It will be another month before Sirena, the Pirate of the Rosy Red Castle will open in Carmel, a fruit of collaborative work between young local musicians, singers and actors. This “pirate adventure musical,” by Big Sur composer Sekoya Sleeth and Big Sur Fiddle Camp can be seen from June 28-July 2, with only five performances planned.
The rehearsals are already taking place at Carmel Presbyterian Church where, last weekend, Sleeth played main motifs and themes, working with the musicians while actors were trying on their wonderful costumes.
“It doesn’t fit categories,” says Sleeth, who always wanted to write an opera, inspired by Mozart and Verdi. He joined Big Sur Fiddle Camp, a music immersion nonprofit led by Lygia Chappellet, with his violin, but soon found himself playing his main and favorite instrument: piano. “It was a very collaborative process,” he says, describing three Covid years of working on Sirena. “We had fun improvising together. We made up some tunes and decided it sounded like pirates.”
“It’s the first time we are doing something like that,” says Chappellet, who helped Sleeth to develop the libretto. “It is an opportunity for us to put the music out there. We didn’t want to just play songs.” Hence—a musical theater production.
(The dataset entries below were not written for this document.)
(* Let $H$ be an inner product space over $\mathbb{K}\in\{\mathbb{R},\mathbb{C}\}$. Let $x,y\in H$ with $x\neq 0$, $y\neq 0$, and let $\delta>0$ be such that $\|x-y\|\le \delta$. (a) If $\|y\|>\delta$, then $$0\le \|x\|^2\|y\|^2-|\langle x,y\rangle|^2\le \|x\|^2\|y\|^2-[\operatorname{Re}\langle x,y\rangle]^2\le \delta^2\|x\|^2 .$$ Moreover, the constant $1$ in front of $\delta^2$ is best possible. That is, for every $k\in(0,1)$ there exist an inner product space $H$, nonzero $x,y\in H$ and $\delta>0$ with $\|x-y\|\le\delta$ and $\|y\|>\delta$ such that $\|x\|^2\|y\|^2-[\operatorname{Re}\langle x,y\rangle]^2> k\,\delta^2\|x\|^2$. (b) If $\|y\|=\delta$, then $$\|x\|^2\le 2\operatorname{Re}\langle x,y\rangle\le 2|\langle x,y\rangle|,$$ and the constant $2$ is best possible in both inequalities. That is, for every $c<2$ there exist such $H,x,y,\delta$ with $\|x-y\|\le\delta=\|y\|$ and $\|x\|^2>c\operatorname{Re}\langle x,y\rangle$, and likewise with $\|x\|^2>c|\langle x,y\rangle|$. (c) If $\|y\|<\delta$, then $$\|x\|^2\le \delta^2-\|y\|^2+2\operatorname{Re}\langle x,y\rangle\le \delta^2-\|y\|^2+2|\langle x,y\rangle|,$$ and the constant $2$ is best possible. That is, for every $c<2$ there exist such $H,x,y,\delta$ with $\|x-y\|\le\delta$, $\|y\|<\delta$ and $\|x\|^2>\delta^2-\|y\|^2+c\operatorname{Re}\langle x,y\rangle$, and likewise with $c|\langle x,y\rangle|$ in place of $c\operatorname{Re}\langle x,y\rangle$.
   Context: $\|u\|=\sqrt{\langle u,u\rangle}$ denotes the norm induced by the inner product. *)

theory Defs
  imports "HOL-Analysis.Analysis"
begin

text \<open>Complex inner product spaces (not available in the distribution).
  The inner product is linear in the first argument and conjugate-linear
  in the second; the norm is the induced one.\<close>

class complex_inner = real_normed_vector +
  fixes scaleC :: "complex \<Rightarrow> 'a \<Rightarrow> 'a"
    and cinner :: "'a \<Rightarrow> 'a \<Rightarrow> complex"
  assumes scaleC_add_right: "scaleC a (x + y) = scaleC a x + scaleC a y"
    and scaleC_add_left: "scaleC (a + b) x = scaleC a x + scaleC b x"
    and scaleC_scaleC: "scaleC a (scaleC b x) = scaleC (a * b) x"
    and scaleC_one: "scaleC 1 x = x"
    and scaleC_of_real: "scaleC (complex_of_real r) x = scaleR r x"
    and cinner_commute: "cinner x y = cnj (cinner y x)"
    and cinner_add_left: "cinner (x + y) z = cinner x z + cinner y z"
    and cinner_scaleC_left: "cinner (scaleC a x) y = a * cinner x y"
    and cinner_self_nonneg: "Im (cinner x x) = 0 \<and> 0 \<le> Re (cinner x x)"
    and cinner_eq_zero_iff: "cinner x x = 0 \<longleftrightarrow> x = 0"
    and norm_eq_sqrt_cinner: "norm x = sqrt (Re (cinner x x))"

end

theory Submission
  imports Defs
begin

text \<open>Everything follows from \<open>\<parallel>x - y\<parallel>\<^sup>2 = \<parallel>x\<parallel>\<^sup>2 - 2 Re \<langle>x,y\<rangle> + \<parallel>y\<parallel>\<^sup>2 \<le> \<delta>\<^sup>2\<close>.
  Rearranged, this is (c), and (b) is its special case \<open>\<parallel>y\<parallel> = \<delta>\<close>. Multiplying by
  \<open>\<parallel>x\<parallel>\<^sup>2\<close> gives (a), because with \<open>a = \<parallel>x\<parallel>\<^sup>2\<close>, \<open>b = \<parallel>y\<parallel>\<^sup>2\<close>, \<open>p = Re \<langle>x,y\<rangle>\<close>
  the difference \<open>a (a - 2p + b) - (a b - p\<^sup>2)\<close> is the square \<open>(a - p)\<^sup>2\<close>.
  The remaining inequalities are Cauchy-Schwarz and \<open>Re z \<le> \<bar>z\<bar>\<close>.
  All bounds become equalities when \<open>\<parallel>x - y\<parallel> = \<delta>\<close> and, for (a), \<open>x \<bottom> y - x\<close>;
  witnesses with \<open>\<langle>x,y\<rangle> > 0\<close> then show that the constants are best possible.\<close>

lemma cinner_zero_left [simp]: "cinner 0 y = 0"
  using cinner_add_left[of 0 0 y] by simp

lemma cinner_minus_left: "cinner (- x) y = - cinner x y"
  using cinner_scaleC_left[of "-1" x y] scaleC_of_real[of "-1" x] by simp

lemma cinner_diff_left: "cinner (x - z) y = cinner x y - cinner z y"
  using cinner_add_left[of x "- z" y] by (simp add: cinner_minus_left)

lemma cinner_diff_right: "cinner x (y - z) = cinner x y - cinner x z"
  by (metis cinner_commute cinner_diff_left complex_cnj_diff)

lemma cinner_scaleC_right: "cinner x (scaleC a y) = cnj a * cinner x y"
  by (metis cinner_commute cinner_scaleC_left complex_cnj_mult)

lemma cinner_self_eq_Re: "cinner x x = complex_of_real (Re (cinner x x))"
  using cinner_self_nonneg[of x] by (simp add: complex_eq_iff)

lemma power2_norm_eq_cinner: "(norm x)\<^sup>2 = Re (cinner x x)"
  using cinner_self_nonneg[of x] by (simp add: norm_eq_sqrt_cinner)

lemma power2_norm_diff_cinner:
  "(norm (x - y))\<^sup>2 = (norm x)\<^sup>2 - 2 * Re (cinner x y) + (norm y)\<^sup>2"
proof -
  have "Re (cinner y x) = Re (cinner x y)"
    by (subst cinner_commute) simp
  then show ?thesis
    by (simp add: power2_norm_eq_cinner cinner_diff_left cinner_diff_right)
qed

lemma Cauchy_Schwarz_cinner:
  "(cmod (cinner x y))\<^sup>2 \<le> (norm x)\<^sup>2 * (norm y)\<^sup>2"
proof (cases "x = 0")
  case True
  then show ?thesis by simp
next
  case False
  define A B p where "A = Re (cinner x x)" and "B = Re (cinner y y)" and "p = cinner x y"
  \<comment> \<open>\<open>w\<close> is orthogonal to \<open>x\<close>, and \<open>\<langle>w,w\<rangle> = A (A B - \<bar>p\<bar>\<^sup>2)\<close>\<close>
  define w where "w = scaleC (of_real A) y - scaleC (cnj p) x"
  have xx: "cinner x x = of_real A" and yy: "cinner y y = of_real B"
    unfolding A_def B_def by (rule cinner_self_eq_Re)+
  have yx: "cinner y x = cnj p"
    unfolding p_def by (rule cinner_commute)
  have "cinner x w = 0"
    unfolding w_def by (simp add: cinner_diff_right cinner_scaleC_right xx p_def)
  moreover have "cinner y w = of_real A * of_real B - p * cnj p"
    unfolding w_def by (simp add: cinner_diff_right cinner_scaleC_right yy yx)
  ultimately have "cinner w w = of_real A * (of_real A * of_real B - p * cnj p)"
    unfolding w_def by (simp add: cinner_diff_left cinner_scaleC_left)
  moreover have "Re (p * cnj p) = (cmod p)\<^sup>2"
    by (simp only: complex_norm_square[symmetric] Re_complex_of_real)
  ultimately have "Re (cinner w w) = A * (A * B - (cmod p)\<^sup>2)"
    by simp
  moreover have "0 < A"
  proof -
    have "A \<noteq> 0"
      using False xx cinner_eq_zero_iff[of x] by auto
    with cinner_self_nonneg[of x] show ?thesis
      unfolding A_def by simp
  qed
  ultimately have "(cmod p)\<^sup>2 \<le> A * B"
    using cinner_self_nonneg[of w] by (simp add: zero_le_mult_iff)
  then show ?thesis
    by (simp add: power2_norm_eq_cinner A_def B_def p_def)
qed

lemma gram_le_of_diff_le:
  fixes a b p d :: real
  assumes "a - 2 * p + b \<le> d\<^sup>2" and "0 \<le> a"
  shows "a * b - p\<^sup>2 \<le> d\<^sup>2 * a"
proof -
  have "a * b - p\<^sup>2 \<le> a * (a - 2 * p + b)"
    using zero_le_power2[of "a - p"] by (simp add: power2_eq_square algebra_simps)
  also have "\<dots> \<le> a * d\<^sup>2"
    using assms by (simp add: mult_left_mono)
  finally show ?thesis
    by (simp add: mult.commute)
qed

lemma inner_bounds_of_norm_diff_le:
  fixes x y :: "'a::real_inner"
  assumes "norm (x - y) \<le> \<delta>"
  shows "(norm x)\<^sup>2 * (norm y)\<^sup>2 - (inner x y)\<^sup>2 \<le> \<delta>\<^sup>2 * (norm x)\<^sup>2"
    and "(norm x)\<^sup>2 \<le> \<delta>\<^sup>2 - (norm y)\<^sup>2 + 2 * inner x y"
proof -
  have "(norm x)\<^sup>2 - 2 * inner x y + (norm y)\<^sup>2 \<le> \<delta>\<^sup>2"
    using power_mono[OF assms norm_ge_zero, of 2] dot_norm_neg[of x y] by simp
  then show "(norm x)\<^sup>2 * (norm y)\<^sup>2 - (inner x y)\<^sup>2 \<le> \<delta>\<^sup>2 * (norm x)\<^sup>2"
    and "(norm x)\<^sup>2 \<le> \<delta>\<^sup>2 - (norm y)\<^sup>2 + 2 * inner x y"
    by (simp_all add: gram_le_of_diff_le)
qed

lemma cinner_bounds_of_norm_diff_le:
  fixes x y :: "'a::complex_inner"
  assumes "norm (x - y) \<le> \<delta>"
  shows "(norm x)\<^sup>2 * (norm y)\<^sup>2 - (Re (cinner x y))\<^sup>2 \<le> \<delta>\<^sup>2 * (norm x)\<^sup>2"
    and "(norm x)\<^sup>2 \<le> \<delta>\<^sup>2 - (norm y)\<^sup>2 + 2 * Re (cinner x y)"
proof -
  have "(norm x)\<^sup>2 - 2 * Re (cinner x y) + (norm y)\<^sup>2 \<le> \<delta>\<^sup>2"
    using power_mono[OF assms norm_ge_zero, of 2] power2_norm_diff_cinner[of x y] by simp
  then show "(norm x)\<^sup>2 * (norm y)\<^sup>2 - (Re (cinner x y))\<^sup>2 \<le> \<delta>\<^sup>2 * (norm x)\<^sup>2"
    and "(norm x)\<^sup>2 \<le> \<delta>\<^sup>2 - (norm y)\<^sup>2 + 2 * Re (cinner x y)"
    by (simp_all add: gram_le_of_diff_le)
qed

lemma gram_eq_if_orthogonal_diff:
  fixes x y :: "'a::real_inner"
  assumes "inner x (y - x) = 0"
  shows "(norm x)\<^sup>2 * (norm y)\<^sup>2 - (inner x y)\<^sup>2 = (norm (x - y))\<^sup>2 * (norm x)\<^sup>2"
proof -
  have "inner x y = (norm x)\<^sup>2"
    using assms by (simp add: inner_diff_right power2_norm_eq_inner)
  then show ?thesis
    using dot_norm_neg[of x y] by (simp add: power2_eq_square algebra_simps)
qed

lemma gram_bound_attained:
  "\<exists>(x::complex) y (\<delta>::real). x \<noteq> 0 \<and> y \<noteq> 0 \<and> 0 < \<delta> \<and> norm (x - y) \<le> \<delta> \<and> \<delta> < norm y \<and>
     (norm x)\<^sup>2 * (norm y)\<^sup>2 - (inner x y)\<^sup>2 = \<delta>\<^sup>2 * (norm x)\<^sup>2"
proof -
  have gram: "(norm (1::complex))\<^sup>2 * (norm (1 + \<i>))\<^sup>2 - (inner 1 (1 + \<i>))\<^sup>2
      = (norm (1 - (1 + \<i>)))\<^sup>2 * (norm (1::complex))\<^sup>2"
    by (rule gram_eq_if_orthogonal_diff) (simp add: inner_complex_def)
  have "1 < norm (1 + \<i>)"
    by (simp add: cmod_def real_less_rsqrt)
  with gram show ?thesis
    by (intro exI[of _ 1] exI[of _ "1 + \<i>"] exI[of _ "1::real"]) (auto simp: complex_eq_iff)
qed

lemma twice_inner_bound_attained:
  "\<exists>(x::complex) y (\<delta>::real). x \<noteq> 0 \<and> y \<noteq> 0 \<and> 0 < \<delta> \<and> norm (x - y) \<le> \<delta> \<and> norm y = \<delta> \<and>
     0 < inner x y \<and> (norm x)\<^sup>2 = 2 * inner x y"
  by (rule exI[of _ 2], rule exI[of _ 1], rule exI[of _ 1]) (simp add: inner_complex_def)

lemma polarization_bound_attained:
  "\<exists>(x::complex) y (\<delta>::real). x \<noteq> 0 \<and> y \<noteq> 0 \<and> 0 < \<delta> \<and> norm (x - y) \<le> \<delta> \<and> norm y < \<delta> \<and>
     0 < inner x y \<and> (norm x)\<^sup>2 = \<delta>\<^sup>2 - (norm y)\<^sup>2 + 2 * inner x y"
  by (rule exI[of _ 3], rule exI[of _ 1], rule exI[of _ 2]) (simp add: inner_complex_def)

theorem theorem1:
  shows
  \<comment> \<open>Real inner product spaces\<close>
  "(\<forall>(x::'a::real_inner) y (\<delta>::real).
      x \<noteq> 0 \<longrightarrow> y \<noteq> 0 \<longrightarrow> \<delta> > 0 \<longrightarrow> norm (x - y) \<le> \<delta> \<longrightarrow>
      (norm y > \<delta> \<longrightarrow>
         0 \<le> (norm x)\<^sup>2 * (norm y)\<^sup>2 - \<bar>inner x y\<bar>\<^sup>2 \<and>
         (norm x)\<^sup>2 * (norm y)\<^sup>2 - \<bar>inner x y\<bar>\<^sup>2 \<le> (norm x)\<^sup>2 * (norm y)\<^sup>2 - (inner x y)\<^sup>2 \<and>
         (norm x)\<^sup>2 * (norm y)\<^sup>2 - (inner x y)\<^sup>2 \<le> \<delta>\<^sup>2 * (norm x)\<^sup>2) \<and>
      (norm y = \<delta> \<longrightarrow>
         (norm x)\<^sup>2 \<le> 2 * inner x y \<and> 2 * inner x y \<le> 2 * \<bar>inner x y\<bar>) \<and>
      (norm y < \<delta> \<longrightarrow>
         (norm x)\<^sup>2 \<le> \<delta>\<^sup>2 - (norm y)\<^sup>2 + 2 * inner x y \<and>
         \<delta>\<^sup>2 - (norm y)\<^sup>2 + 2 * inner x y \<le> \<delta>\<^sup>2 - (norm y)\<^sup>2 + 2 * \<bar>inner x y\<bar>))
  \<and>
  \<comment> \<open>Complex inner product spaces\<close>
   (\<forall>(x::'b::complex_inner) y (\<delta>::real).
      x \<noteq> 0 \<longrightarrow> y \<noteq> 0 \<longrightarrow> \<delta> > 0 \<longrightarrow> norm (x - y) \<le> \<delta> \<longrightarrow>
      (norm y > \<delta> \<longrightarrow>
         0 \<le> (norm x)\<^sup>2 * (norm y)\<^sup>2 - (cmod (cinner x y))\<^sup>2 \<and>
         (norm x)\<^sup>2 * (norm y)\<^sup>2 - (cmod (cinner x y))\<^sup>2 \<le> (norm x)\<^sup>2 * (norm y)\<^sup>2 - (Re (cinner x y))\<^sup>2 \<and>
         (norm x)\<^sup>2 * (norm y)\<^sup>2 - (Re (cinner x y))\<^sup>2 \<le> \<delta>\<^sup>2 * (norm x)\<^sup>2) \<and>
      (norm y = \<delta> \<longrightarrow>
         (norm x)\<^sup>2 \<le> 2 * Re (cinner x y) \<and> 2 * Re (cinner x y) \<le> 2 * cmod (cinner x y)) \<and>
      (norm y < \<delta> \<longrightarrow>
         (norm x)\<^sup>2 \<le> \<delta>\<^sup>2 - (norm y)\<^sup>2 + 2 * Re (cinner x y) \<and>
         \<delta>\<^sup>2 - (norm y)\<^sup>2 + 2 * Re (cinner x y) \<le> \<delta>\<^sup>2 - (norm y)\<^sup>2 + 2 * cmod (cinner x y)))
  \<and>
  \<comment> \<open>Sharpness, witnessed in the real inner product space complex (= R^2)\<close>
   (\<forall>k::real. 0 < k \<and> k < 1 \<longrightarrow>
      (\<exists>(x::complex) y (\<delta>::real). x \<noteq> 0 \<and> y \<noteq> 0 \<and> \<delta> > 0 \<and> norm (x - y) \<le> \<delta> \<and> norm y > \<delta> \<and>
         (norm x)\<^sup>2 * (norm y)\<^sup>2 - (inner x y)\<^sup>2 > k * \<delta>\<^sup>2 * (norm x)\<^sup>2))
  \<and>
   (\<forall>c::real. c < 2 \<longrightarrow>
      (\<exists>(x::complex) y (\<delta>::real). x \<noteq> 0 \<and> y \<noteq> 0 \<and> \<delta> > 0 \<and> norm (x - y) \<le> \<delta> \<and> norm y = \<delta> \<and>
         (norm x)\<^sup>2 > c * inner x y) \<and>
      (\<exists>(x::complex) y (\<delta>::real). x \<noteq> 0 \<and> y \<noteq> 0 \<and> \<delta> > 0 \<and> norm (x - y) \<le> \<delta> \<and> norm y = \<delta> \<and>
         (norm x)\<^sup>2 > c * \<bar>inner x y\<bar>))
  \<and>
   (\<forall>c::real. c < 2 \<longrightarrow>
      (\<exists>(x::complex) y (\<delta>::real). x \<noteq> 0 \<and> y \<noteq> 0 \<and> \<delta> > 0 \<and> norm (x - y) \<le> \<delta> \<and> norm y < \<delta> \<and>
         (norm x)\<^sup>2 > \<delta>\<^sup>2 - (norm y)\<^sup>2 + c * inner x y) \<and>
      (\<exists>(x::complex) y (\<delta>::real). x \<noteq> 0 \<and> y \<noteq> 0 \<and> \<delta> > 0 \<and> norm (x - y) \<le> \<delta> \<and> norm y < \<delta> \<and>
         (norm x)\<^sup>2 > \<delta>\<^sup>2 - (norm y)\<^sup>2 + c * \<bar>inner x y\<bar>))"
  apply (intro conjI)
  subgoal
    using Cauchy_Schwarz_ineq
    by (auto simp: power2_norm_eq_inner dest: inner_bounds_of_norm_diff_le)
  subgoal
    using Cauchy_Schwarz_cinner complex_Re_le_cmod
    by (auto simp: cmod_power2 dest: cinner_bounds_of_norm_diff_le)
  subgoal
    using gram_bound_attained by (fastforce simp: mult.assoc)
  subgoal
    using twice_inner_bound_attained by fastforce
  subgoal
    using polarization_bound_attained by fastforce
  done

end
One of the costumes for Sirena.
Sirena is a musical fairytale that takes place in a kingdom by-the-sea. In the quiet hamlet of Garnet, at the end of the 1700s, the king and queen are preparing to marry off their only daughter to the neighboring prince. When Princess Ophelia escapes for a romantic evening with her secret love, she unwittingly puts her handmaiden and best friend, Sirena, in mortal danger.
“It’s a bildungsroman,” Sleeth says, like Jane Eyre, even if musically Sirena is rooted in the Italian tradition of opera buffa. “Princess and Sirena have to learn about friendship.”
In a get-rich-quick scheme, Sirena gets captured by the pirates, who believe her to be the princess. Ambition, greed, love and grace are sung, waltzed, and acted by our characters until the tangle of identities and emotions are revealed as two unexpected guests show up.
Music is the big drive of the story and the musicians, one-third of the whole crew, are being dressed up as nobles and pirates and featured in the story, which includes an important ballroom scene.
And there are more pirates—and other roles—still available. “Not only pirates,” Chappellet says. “Noblemen too. And the stage crew.”
As a Big Sur Fiddle Camp project and extension, Sirena could still use some financial support as well. (“We have $20,000 to go,” Chappellet says of the fundraising goal she set in April.)
Key people involved in the project so far include: Naima Nascimento, Tyler Weed, Evan Weed, Momo Wang, MK Griffeth, Lili Menkel, Miles Zaud, Logan Zaud as well as professional fiddler John Weed.
Community service credits for participation are available for high schoolers.
Performances run 7pm June 28-July 1 and 2pm July 2. Center for Performing Arts at Carmel High School. bigsurfiddlecamp.org.